It would be nice if the app stores offered different levels of requirements. Let the market decide how much it cares about privacy (and security, and ...), reduce the friction for developers who want to do a particular thing, and give end users more confidence in the entire system.
Unless you're running Graphene or a similar security minded distro the sandboxing isn't very good. Okay let's be honest it's fairly abysmal at preventing fingerprinting. It could almost be accused of not even bothering to try.
Even with graphene I don't believe it mitigates much as far as apps collecting data. The idea for more privacy is you run open source apps instead that just don't collect data.
AFAIK Graphene is oriented towards strong device security with privacy as more of a side effect.
One thing with the sandboxed Play Services being that Google has fewer permissions on the device, so presumably they can collect less data.
Which I believe is GrapheneOS' argument when people praise microG: microG being open source does not fundamentally add privacy: apps using microG will phone to Google's servers (that's the whole point of microG). What microG solves is that it removes the Play Services that are root on your device, and it turns out that sandboxed Play Services do that as well.
> The idea for more privacy is you run open source apps instead that just don't collect data.

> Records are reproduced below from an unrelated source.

(* Let $V$ be a finite set of $n$ agents in the uncorrelated-signals setting of the context, assume common knowledge of beliefs (for all $u,w\in V$, $X_u$ is a.s.\ $\mathcal{F}_w$-measurable) and let $X$ be such that almost surely $X=X_u$ for all $u\in V$; let $L$ be the corresponding common optimal action set ($L=\{0\}$ if $X<1/2$, $L=\{1\}$ if $X>1/2$, $L=\{0,1\}$ if $X=1/2$). Then, with $D=D(\mu_1,\mu_0)$ the noise to signal ratio, $$\mathbb{P}(L=\{S\})\ \ge\ 1-\frac{4D}{n+D}.$$
   Context: The state $S$ is uniform on $\{0,1\}$. $\mu_0\neq\mu_1$ are mutually absolutely continuous probability measures on $(\Omega,\mathcal{O})$, and $z(\omega)=\log\frac{d\mu_1}{d\mu_0}(\omega)$; assume $z$ has finite second moment under both $\mu_0$ and $\mu_1$. Uncorrelated-signals setting: $V$ is a set of $n$ agents, agent $u$ has private signal $W_u\in\Omega$; conditionally on $S$, each $W_u$ has law $\mu_S$ (the joint law may be dependent), and with $z_u=z(W_u)$ one has $\mathrm{Cov}(z_u,z_v\mid S)=0$ for all distinct $u,v\in V$. Each agent's information is a $\sigma$-algebra $\mathcal{F}_u$ with $\sigma(W_u)\subseteq\mathcal{F}_u\subseteq\sigma(W_v:v\in V)$, and $X_u=\mathbb{P}(S=1\mid\mathcal{F}_u)$. The noise to signal ratio is $$D(\mu_1,\mu_0)=2\,\frac{\mathrm{Var}_{\mu_1}(z)+\mathrm{Var}_{\mu_0}(z)}{\big(D_{KL}(\mu_1\|\mu_0)+D_{KL}(\mu_0\|\mu_1)\big)^2},$$ where $\mathrm{Var}_{\mu_s}(z)$ is the variance of $z$ under $\mu_s$ and $D_{KL}$ is the Kullback–Leibler divergence. *)

theory Defs
  imports "HOL-Probability.Probability"
begin

text \<open>Log-likelihood ratio z = log (d mu1 / d mu0) (natural logarithm).\<close>
definition llr :: "'o measure \<Rightarrow> 'o measure \<Rightarrow> 'o \<Rightarrow> real" where
  "llr mu1 mu0 = (\<lambda>x. ln (enn2real (RN_deriv mu0 mu1 x)))"

text \<open>Kullback-Leibler divergence D_KL(mu1 || mu0) with natural logarithm.\<close>
definition KL :: "'o measure \<Rightarrow> 'o measure \<Rightarrow> real" where
  "KL mu1 mu0 = KL_divergence (exp 1) mu0 mu1"

definition noise_signal_ratio :: "'o measure \<Rightarrow> 'o measure \<Rightarrow> real" where
  "noise_signal_ratio mu1 mu0 =
     2 * (prob_space.variance mu1 (llr mu1 mu0) + prob_space.variance mu0 (llr mu1 mu0))
       / (KL mu1 mu0 + KL mu0 mu1)\<^sup>2"

definition cond_exp_event :: "'w measure \<Rightarrow> 'w set \<Rightarrow> ('w \<Rightarrow> real) \<Rightarrow> real" where
  "cond_exp_event M B Y = (LINT x|M. indicator B x * Y x) / measure M B"

definition cond_cov_event :: "'w measure \<Rightarrow> 'w set \<Rightarrow> ('w \<Rightarrow> real) \<Rightarrow> ('w \<Rightarrow> real) \<Rightarrow> real" where
  "cond_cov_event M B Y Z =
     cond_exp_event M B (\<lambda>x. Y x * Z x) - cond_exp_event M B Y * cond_exp_event M B Z"

text \<open>Optimal action set given belief x = P(S = 1 | ...).\<close>
definition opt_actions :: "real \<Rightarrow> nat set" where
  "opt_actions x = (if x < 1/2 then {0} else if x > 1/2 then {1} else {0, 1})"

end

theory Submission
  imports Defs
begin

text \<open>
  The common belief X is, for every agent u, a version of P(S = 1 | F u).
  Let z u = z(W u), K = E1 z - E0 z (positive by Gibbs' inequality), let the deviation of
  agent u be z u - E_S z (its statistic centred at the mean of the true state) and let the
  residual be e = 1{S = 1} - X.  Then:
  (1) conditional uncorrelatedness gives E[(sum of deviations)^2] = n (Var0 z + Var1 z) / 2;
  (2) z u - E0 z is F u-measurable, hence orthogonal to e, while E[1{S = 1} e] = E[e^2];
      so every deviation satisfies E[deviation * e] = - K E[e^2];
  (3) by Cauchy-Schwarz, (n K)^2 E[e^2] <= n (Var0 z + Var1 z) / 2, i.e. 4 E[e^2] <= D / n;
  (4) wherever the optimal action set misses S we have e^2 >= 1/4, so the probability of a
      miss is at most 4 E[e^2] <= D / n, and 1 - D/n implies the stated 1 - 4D/(n + D).
\<close>

section \<open>The log-likelihood ratio of two mutually absolutely continuous laws\<close>

lemma llr_measurable [measurable]: "llr mu1 mu0 \<in> borel_measurable mu0"
  unfolding llr_def by measurable

locale likelihood_pair = M0: prob_space mu0 + M1: prob_space mu1
  for mu0 mu1 :: "'o measure" +
  assumes sets_eq: "sets mu1 = sets mu0"
    and ac01: "absolutely_continuous mu0 mu1"
    and ac10: "absolutely_continuous mu1 mu0"
begin

abbreviation z :: "'o \<Rightarrow> real" where "z \<equiv> llr mu1 mu0"

lemma llr_measurable1 [measurable]: "z \<in> borel_measurable mu1"
  using llr_measurable[of mu1 mu0] sets_eq by (simp cong: measurable_cong_sets)

lemma RN_deriv_reciprocal:
  "AE x in mu0. 0 < enn2real (RN_deriv mu0 mu1 x)
     \<and> RN_deriv mu0 mu1 x = ennreal (enn2real (RN_deriv mu0 mu1 x))
     \<and> enn2real (RN_deriv mu1 mu0 x) = 1 / enn2real (RN_deriv mu0 mu1 x)"
proof -
  define f where "f x = enn2real (RN_deriv mu0 mu1 x)" for x
  have f_meas0 [measurable]: "f \<in> borel_measurable mu0"
    unfolding f_def by measurable
  have [measurable]: "f \<in> borel_measurable mu1"
    using f_meas0 sets_eq by (simp cong: measurable_cong_sets)
  obtain D where D: "AE x in mu0. RN_deriv mu0 mu1 x = ennreal (D x)" "AE x in mu1. 0 < D x"
    using M0.real_RN_deriv[OF _ ac01 sets_eq] M1.finite_measure_axioms by metis
  have "AE x in mu0. 0 < D x"
    using absolutely_continuous_AE[OF sets_eq[symmetric] ac10 D(2)] .
  with D(1) have f_pos: "AE x in mu0. 0 < f x \<and> RN_deriv mu0 mu1 x = ennreal (f x)"
    by eventually_elim (auto simp: f_def)
  have "density mu1 (\<lambda>x. ennreal (1 / f x)) = mu0"
  proof (rule measure_eqI)
    fix A assume "A \<in> sets (density mu1 (\<lambda>x. ennreal (1 / f x)))"
    then have A[measurable]: "A \<in> sets mu0" using sets_eq by simp
    have "emeasure (density mu1 (\<lambda>x. ennreal (1 / f x))) A
        = (\<integral>\<^sup>+ x. ennreal (1 / f x) * indicator A x \<partial>mu1)"
      using sets_eq by (subst emeasure_density) auto
    also have "\<dots> = (\<integral>\<^sup>+ x. RN_deriv mu0 mu1 x * (ennreal (1 / f x) * indicator A x) \<partial>mu0)"
      using A by (intro M0.RN_deriv_nn_integral[OF ac01 sets_eq]) measurable
    also have "\<dots> = (\<integral>\<^sup>+ x. indicator A x \<partial>mu0)"
      using f_pos by (intro nn_integral_cong_AE) (auto simp: ennreal_mult''[symmetric] indicator_def)
    also have "\<dots> = emeasure mu0 A" by simp
    finally show "emeasure (density mu1 (\<lambda>x. ennreal (1 / f x))) A = emeasure mu0 A" .
  qed (use sets_eq in simp)
  then have "AE x in mu1. ennreal (1 / f x) = RN_deriv mu1 mu0 x"
    by (intro M1.RN_deriv_unique) measurable
  then have "AE x in mu0. ennreal (1 / f x) = RN_deriv mu1 mu0 x"
    using absolutely_continuous_AE[OF sets_eq[symmetric] ac10] by blast
  with f_pos show ?thesis
    by eventually_elim (auto simp: f_def[symmetric] dest: sym)
qed

lemma llr_swap: "AE x in mu0. ln (enn2real (RN_deriv mu1 mu0 x)) = - z x"
  using RN_deriv_reciprocal by eventually_elim (simp add: llr_def ln_div)

lemma KL_eq_llr_mean: "KL mu1 mu0 = (\<integral>x. z x \<partial>mu1)"
  unfolding KL_def KL_divergence_def entropy_density_def llr_def
  by (simp add: comp_def log_def)

lemma KL_swap_eq_llr_mean: "KL mu0 mu1 = - (\<integral>x. z x \<partial>mu0)"
proof -
  have [measurable]: "(\<lambda>x. ln (enn2real (RN_deriv mu1 mu0 x))) \<in> borel_measurable mu0"
    using sets_eq by (simp cong: measurable_cong_sets)
  have "KL mu0 mu1 = (\<integral>x. ln (enn2real (RN_deriv mu1 mu0 x)) \<partial>mu0)"
    unfolding KL_def KL_divergence_def entropy_density_def by (simp add: comp_def log_def)
  also have "\<dots> = (\<integral>x. - z x \<partial>mu0)"
    using llr_swap by (intro integral_cong_AE) auto
  finally show ?thesis by simp
qed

Yep exactly, I just wanted to add about the sandboxed Play Services, because it was not obvious to me at first :)
> Unless you're running Graphene or a similar security minded distro the sandboxing isn't very good. Okay let's be honest it's fairly abysmal at preventing fingerprinting.
Hmm... the sandboxing is a security feature, it's not there to prevent tracking (not sure what "fingerprinting" includes here). The sandboxing of Android is actually pretty good (a lot better than, say, desktop OSes).
There is pretty much nothing you can do against an app requesting e.g. your location data and sending it to their servers. Fundamentally, the whole goal of apps is that they can technically do that. Then you have to choose apps you trust, and it's easier to trust open source apps.
What GrapheneOS brings in terms of sandboxing is that the Play Services run sandboxed like normal apps. Whereas on Android, the Play Services run with system permissions.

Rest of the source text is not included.